YOUR INSTRUCTIONS:
Restate word for word the entries below, starting with the line with "E \<le> prob" and continuing through the line with "unfolding B_def using W_meas by (intro". Include both of those lines and no others.

(Records from a collection)
- - - - - - -

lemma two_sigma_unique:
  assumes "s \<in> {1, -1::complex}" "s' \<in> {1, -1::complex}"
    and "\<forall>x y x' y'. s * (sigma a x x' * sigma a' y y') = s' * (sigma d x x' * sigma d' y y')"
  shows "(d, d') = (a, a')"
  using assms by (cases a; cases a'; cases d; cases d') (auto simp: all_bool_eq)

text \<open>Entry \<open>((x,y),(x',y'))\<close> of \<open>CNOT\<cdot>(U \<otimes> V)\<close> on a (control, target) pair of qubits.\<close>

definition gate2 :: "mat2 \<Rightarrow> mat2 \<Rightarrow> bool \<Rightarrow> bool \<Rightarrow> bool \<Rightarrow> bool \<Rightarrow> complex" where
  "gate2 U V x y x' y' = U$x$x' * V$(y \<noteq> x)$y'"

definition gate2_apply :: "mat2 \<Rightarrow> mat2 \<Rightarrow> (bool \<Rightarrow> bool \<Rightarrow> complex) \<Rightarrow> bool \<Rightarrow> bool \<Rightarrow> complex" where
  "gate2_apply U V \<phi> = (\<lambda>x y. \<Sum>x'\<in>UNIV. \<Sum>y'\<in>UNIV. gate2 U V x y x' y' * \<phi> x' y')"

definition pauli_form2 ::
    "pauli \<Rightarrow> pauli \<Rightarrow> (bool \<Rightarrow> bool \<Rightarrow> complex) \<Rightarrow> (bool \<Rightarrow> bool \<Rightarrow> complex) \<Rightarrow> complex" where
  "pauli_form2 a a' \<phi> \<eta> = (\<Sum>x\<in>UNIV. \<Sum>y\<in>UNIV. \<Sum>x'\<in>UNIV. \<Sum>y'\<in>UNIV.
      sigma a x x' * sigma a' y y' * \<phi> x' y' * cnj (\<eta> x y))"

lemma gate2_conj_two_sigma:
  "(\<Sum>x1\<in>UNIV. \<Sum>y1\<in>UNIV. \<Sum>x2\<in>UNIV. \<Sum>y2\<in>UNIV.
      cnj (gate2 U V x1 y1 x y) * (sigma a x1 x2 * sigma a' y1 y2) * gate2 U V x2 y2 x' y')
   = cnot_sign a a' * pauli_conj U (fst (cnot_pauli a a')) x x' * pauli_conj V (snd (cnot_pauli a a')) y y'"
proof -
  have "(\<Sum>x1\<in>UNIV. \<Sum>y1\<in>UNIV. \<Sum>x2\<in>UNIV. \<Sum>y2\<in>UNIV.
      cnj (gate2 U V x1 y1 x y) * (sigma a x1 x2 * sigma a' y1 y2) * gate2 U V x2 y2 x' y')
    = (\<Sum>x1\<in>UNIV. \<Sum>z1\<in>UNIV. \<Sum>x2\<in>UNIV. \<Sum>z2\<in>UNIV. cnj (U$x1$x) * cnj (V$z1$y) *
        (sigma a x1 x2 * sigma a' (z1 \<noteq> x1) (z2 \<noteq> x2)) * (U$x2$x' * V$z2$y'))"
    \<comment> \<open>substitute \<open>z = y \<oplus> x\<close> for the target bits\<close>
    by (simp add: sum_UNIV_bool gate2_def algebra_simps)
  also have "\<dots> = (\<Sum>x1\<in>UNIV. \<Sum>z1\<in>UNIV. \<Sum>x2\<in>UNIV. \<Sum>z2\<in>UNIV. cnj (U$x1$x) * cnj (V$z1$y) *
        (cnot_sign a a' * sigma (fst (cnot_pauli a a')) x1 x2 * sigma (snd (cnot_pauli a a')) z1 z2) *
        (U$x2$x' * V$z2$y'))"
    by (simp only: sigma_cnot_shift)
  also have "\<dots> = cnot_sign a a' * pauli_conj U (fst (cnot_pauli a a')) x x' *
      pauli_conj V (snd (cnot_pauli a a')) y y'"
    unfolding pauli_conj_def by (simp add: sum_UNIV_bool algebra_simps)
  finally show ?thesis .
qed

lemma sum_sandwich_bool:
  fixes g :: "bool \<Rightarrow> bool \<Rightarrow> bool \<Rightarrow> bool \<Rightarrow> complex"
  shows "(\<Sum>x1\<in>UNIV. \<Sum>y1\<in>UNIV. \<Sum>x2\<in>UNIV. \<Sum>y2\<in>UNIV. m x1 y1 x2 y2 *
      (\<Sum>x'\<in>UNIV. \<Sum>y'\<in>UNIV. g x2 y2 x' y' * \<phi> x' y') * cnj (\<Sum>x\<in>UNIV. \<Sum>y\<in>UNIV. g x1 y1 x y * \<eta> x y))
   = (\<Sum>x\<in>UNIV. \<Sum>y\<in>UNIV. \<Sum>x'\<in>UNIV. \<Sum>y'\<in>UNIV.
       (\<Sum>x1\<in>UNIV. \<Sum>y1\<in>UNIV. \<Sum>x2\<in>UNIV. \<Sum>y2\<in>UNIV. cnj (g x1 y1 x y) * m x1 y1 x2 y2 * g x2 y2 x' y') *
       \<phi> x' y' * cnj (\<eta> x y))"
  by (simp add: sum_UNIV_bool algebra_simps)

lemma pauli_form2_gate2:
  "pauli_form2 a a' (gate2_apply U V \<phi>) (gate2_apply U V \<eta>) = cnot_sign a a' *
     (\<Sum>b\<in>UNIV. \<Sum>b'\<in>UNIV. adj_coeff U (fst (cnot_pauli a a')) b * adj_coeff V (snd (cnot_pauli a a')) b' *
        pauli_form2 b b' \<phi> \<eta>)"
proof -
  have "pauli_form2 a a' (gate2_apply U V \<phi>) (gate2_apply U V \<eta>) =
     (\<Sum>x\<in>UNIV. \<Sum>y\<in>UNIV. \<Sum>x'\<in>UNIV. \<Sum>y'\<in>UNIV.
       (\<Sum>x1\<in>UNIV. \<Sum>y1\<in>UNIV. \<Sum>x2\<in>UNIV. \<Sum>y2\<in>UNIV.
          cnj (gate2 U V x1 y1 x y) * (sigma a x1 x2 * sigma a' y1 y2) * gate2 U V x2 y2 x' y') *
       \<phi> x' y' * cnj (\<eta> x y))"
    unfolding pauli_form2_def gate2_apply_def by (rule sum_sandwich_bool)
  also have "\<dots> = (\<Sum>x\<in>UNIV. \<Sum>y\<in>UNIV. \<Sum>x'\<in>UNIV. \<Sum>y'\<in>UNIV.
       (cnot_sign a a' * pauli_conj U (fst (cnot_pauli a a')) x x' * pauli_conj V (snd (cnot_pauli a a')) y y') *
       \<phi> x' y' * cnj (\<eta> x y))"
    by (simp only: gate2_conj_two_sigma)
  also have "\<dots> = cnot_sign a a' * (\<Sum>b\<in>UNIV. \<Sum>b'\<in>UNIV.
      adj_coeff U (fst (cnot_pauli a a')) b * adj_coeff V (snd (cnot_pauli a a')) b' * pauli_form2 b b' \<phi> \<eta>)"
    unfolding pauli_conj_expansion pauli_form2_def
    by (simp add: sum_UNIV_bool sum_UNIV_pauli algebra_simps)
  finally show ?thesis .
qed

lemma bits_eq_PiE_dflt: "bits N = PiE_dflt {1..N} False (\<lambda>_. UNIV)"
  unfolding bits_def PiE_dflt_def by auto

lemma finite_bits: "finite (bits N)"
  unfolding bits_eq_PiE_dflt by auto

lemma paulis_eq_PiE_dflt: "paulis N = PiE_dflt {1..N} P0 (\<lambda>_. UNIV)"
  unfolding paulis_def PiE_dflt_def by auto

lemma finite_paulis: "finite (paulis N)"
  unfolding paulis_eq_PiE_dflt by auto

- - - - - - -

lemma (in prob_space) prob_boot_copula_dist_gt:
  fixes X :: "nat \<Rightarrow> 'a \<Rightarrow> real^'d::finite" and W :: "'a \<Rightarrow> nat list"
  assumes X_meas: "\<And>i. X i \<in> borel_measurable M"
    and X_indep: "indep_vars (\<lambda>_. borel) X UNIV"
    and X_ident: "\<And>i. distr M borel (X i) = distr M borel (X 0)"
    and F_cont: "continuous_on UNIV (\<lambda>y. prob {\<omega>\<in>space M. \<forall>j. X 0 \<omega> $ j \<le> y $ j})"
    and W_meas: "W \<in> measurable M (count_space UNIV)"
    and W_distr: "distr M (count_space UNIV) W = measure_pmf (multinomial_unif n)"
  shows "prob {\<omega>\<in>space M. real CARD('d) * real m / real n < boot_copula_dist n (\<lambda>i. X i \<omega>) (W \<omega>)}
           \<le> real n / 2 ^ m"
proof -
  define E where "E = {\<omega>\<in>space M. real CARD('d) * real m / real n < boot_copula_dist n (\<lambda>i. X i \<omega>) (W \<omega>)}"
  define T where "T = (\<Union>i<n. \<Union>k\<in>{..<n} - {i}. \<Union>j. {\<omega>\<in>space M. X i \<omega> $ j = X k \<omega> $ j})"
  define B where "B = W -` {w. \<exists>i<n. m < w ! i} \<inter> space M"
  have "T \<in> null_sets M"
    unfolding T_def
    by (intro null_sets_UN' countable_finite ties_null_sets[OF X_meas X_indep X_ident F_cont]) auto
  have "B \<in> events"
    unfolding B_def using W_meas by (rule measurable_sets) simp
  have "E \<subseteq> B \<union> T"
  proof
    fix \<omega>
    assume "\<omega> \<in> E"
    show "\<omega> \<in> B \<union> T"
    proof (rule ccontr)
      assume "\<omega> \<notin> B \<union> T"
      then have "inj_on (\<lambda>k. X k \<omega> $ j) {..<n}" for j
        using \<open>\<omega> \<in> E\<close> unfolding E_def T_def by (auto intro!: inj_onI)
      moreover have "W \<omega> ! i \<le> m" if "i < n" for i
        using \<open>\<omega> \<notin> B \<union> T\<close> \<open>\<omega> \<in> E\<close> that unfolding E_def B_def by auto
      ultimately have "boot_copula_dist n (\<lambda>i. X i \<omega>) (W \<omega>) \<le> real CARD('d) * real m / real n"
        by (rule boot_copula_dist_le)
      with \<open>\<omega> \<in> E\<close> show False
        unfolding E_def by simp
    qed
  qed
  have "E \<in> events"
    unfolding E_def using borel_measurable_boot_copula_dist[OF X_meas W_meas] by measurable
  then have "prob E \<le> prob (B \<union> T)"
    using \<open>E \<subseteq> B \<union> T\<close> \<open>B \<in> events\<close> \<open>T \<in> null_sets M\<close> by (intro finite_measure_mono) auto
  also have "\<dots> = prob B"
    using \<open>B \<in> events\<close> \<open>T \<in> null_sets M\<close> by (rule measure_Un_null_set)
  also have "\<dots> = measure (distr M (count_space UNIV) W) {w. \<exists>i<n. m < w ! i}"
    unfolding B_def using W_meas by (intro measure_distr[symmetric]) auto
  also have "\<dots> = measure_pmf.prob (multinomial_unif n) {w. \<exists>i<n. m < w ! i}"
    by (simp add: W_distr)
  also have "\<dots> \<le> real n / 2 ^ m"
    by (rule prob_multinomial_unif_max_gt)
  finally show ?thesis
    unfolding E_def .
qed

- - - - - - -

SOLUTION TO THIS TASK:
  then have "prob E \<le> prob (B \<union> T)"
    using \<open>E \<subseteq> B \<union> T\<close> \<open>B \<in> events\<close> \<open>T \<in> null_sets M\<close> by (intro finite_measure_mono) auto
  also have "\<dots> = prob B"
    using \<open>B \<in> events\<close> \<open>T \<in> null_sets M\<close> by (rule measure_Un_null_set)
  also have "\<dots> = measure (distr M (count_space UNIV) W) {w. \<exists>i<n. m < w ! i}"
    unfolding B_def using W_meas by (intro measure_distr[symmetric]) auto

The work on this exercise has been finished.